fun gamma_n :: "('a \<rightharpoonup> 'a) set \<Rightarrow> nat \<Rightarrow> ('a \<rightharpoonup> 'a) set" where
  "gamma_n \<Gamma> 0 = {Some}"
| "gamma_n \<Gamma> (Suc n) = {g \<circ>\<^sub>m h | g h. g \<in> \<Gamma> \<and> h \<in> gamma_n \<Gamma> n}"

definition bowen_ball :: "('a::metric_space \<rightharpoonup> 'a) set \<Rightarrow> nat \<Rightarrow> 'a \<Rightarrow> real \<Rightarrow> 'a set" where
  "bowen_ball \<Gamma> n x \<epsilon> = {y. \<forall>g\<in>gamma_n \<Gamma> n. x \<in> dom g \<and> y \<in> dom g \<longrightarrow>
                                   dist (the (g x)) (the (g y)) < \<epsilon>}"

definition neglog :: "real \<Rightarrow> ereal" where
  "neglog p = (if p = 0 then \<infinity> else ereal (- ln p))"

definition lower_local_entropy :: "'a::metric_space measure \<Rightarrow> ('a \<rightharpoonup> 'a) set \<Rightarrow> 'a \<Rightarrow> ereal" where
  "lower_local_entropy \<nu> \<Gamma> x =
     Lim (at_right (0::real))
       (\<lambda>\<epsilon>. liminf (\<lambda>n. neglog (measure \<nu> (bowen_ball \<Gamma> n x \<epsilon>)) / ereal (real n)))"

end

theory Submission
  imports Defs
begin

(* Conjugation by \<phi> carries the compositions of length n of G1 to those of H1, so the Bowen ball
   of \<phi>_*\<mu> at \<phi>(x) is the \<phi>-image of the Bowen ball at x taken with respect to the pulled-back
   metric d(\<phi> u, \<phi> v), and both have the same measure.  On compact spaces \<phi> and \<phi>^-1 are uniformly
   continuous, so every ball of one metric contains a ball of the other, uniformly in n.  The
   liminf is antitone in the radius, hence its limit at 0 is a supremum, and mutually cofinal
   families of radii give the same supremum. *)

definition pullback_bowen_ball ::
  "('a \<Rightarrow> 'b::metric_space) \<Rightarrow> ('a \<rightharpoonup> 'a) set \<Rightarrow> nat \<Rightarrow> 'a \<Rightarrow> real \<Rightarrow> 'a set" where
  "pullback_bowen_ball f \<Gamma> n x \<epsilon> = {y. \<forall>g\<in>gamma_n \<Gamma> n. x \<in> dom g \<and> y \<in> dom g \<longrightarrow>
     dist (f (the (g x))) (f (the (g y))) < \<epsilon>}"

***

## Exercise directions
Take the line that contains "imports Defs" and every line after it to the end of the entries above, and reproduce them exactly.

## Reply
  imports Defs
begin

(* Conjugation by \<phi> carries the compositions of length n of G1 to those of H1, so the Bowen ball
   of \<phi>_*\<mu> at \<phi>(x) is the \<phi>-image of the Bowen ball at x taken with respect to the pulled-back
   metric d(\<phi> u, \<phi> v), and both have the same measure.  On compact spaces \<phi> and \<phi>^-1 are uniformly
   continuous, so every ball of one metric contains a ball of the other, uniformly in n.  The
   liminf is antitone in the radius, hence its limit at 0 is a supremum, and mutually cofinal
   families of radii give the same supremum. *)

definition pullback_bowen_ball ::
  "('a \<Rightarrow> 'b::metric_space) \<Rightarrow> ('a \<rightharpoonup> 'a) set \<Rightarrow> nat \<Rightarrow> 'a \<Rightarrow> real \<Rightarrow> 'a set" where
  "pullback_bowen_ball f \<Gamma> n x \<epsilon> = {y. \<forall>g\<in>gamma_n \<Gamma> n. x \<in> dom g \<and> y \<in> dom g \<longrightarrow>
     dist (f (the (g x))) (f (the (g y))) < \<epsilon>}"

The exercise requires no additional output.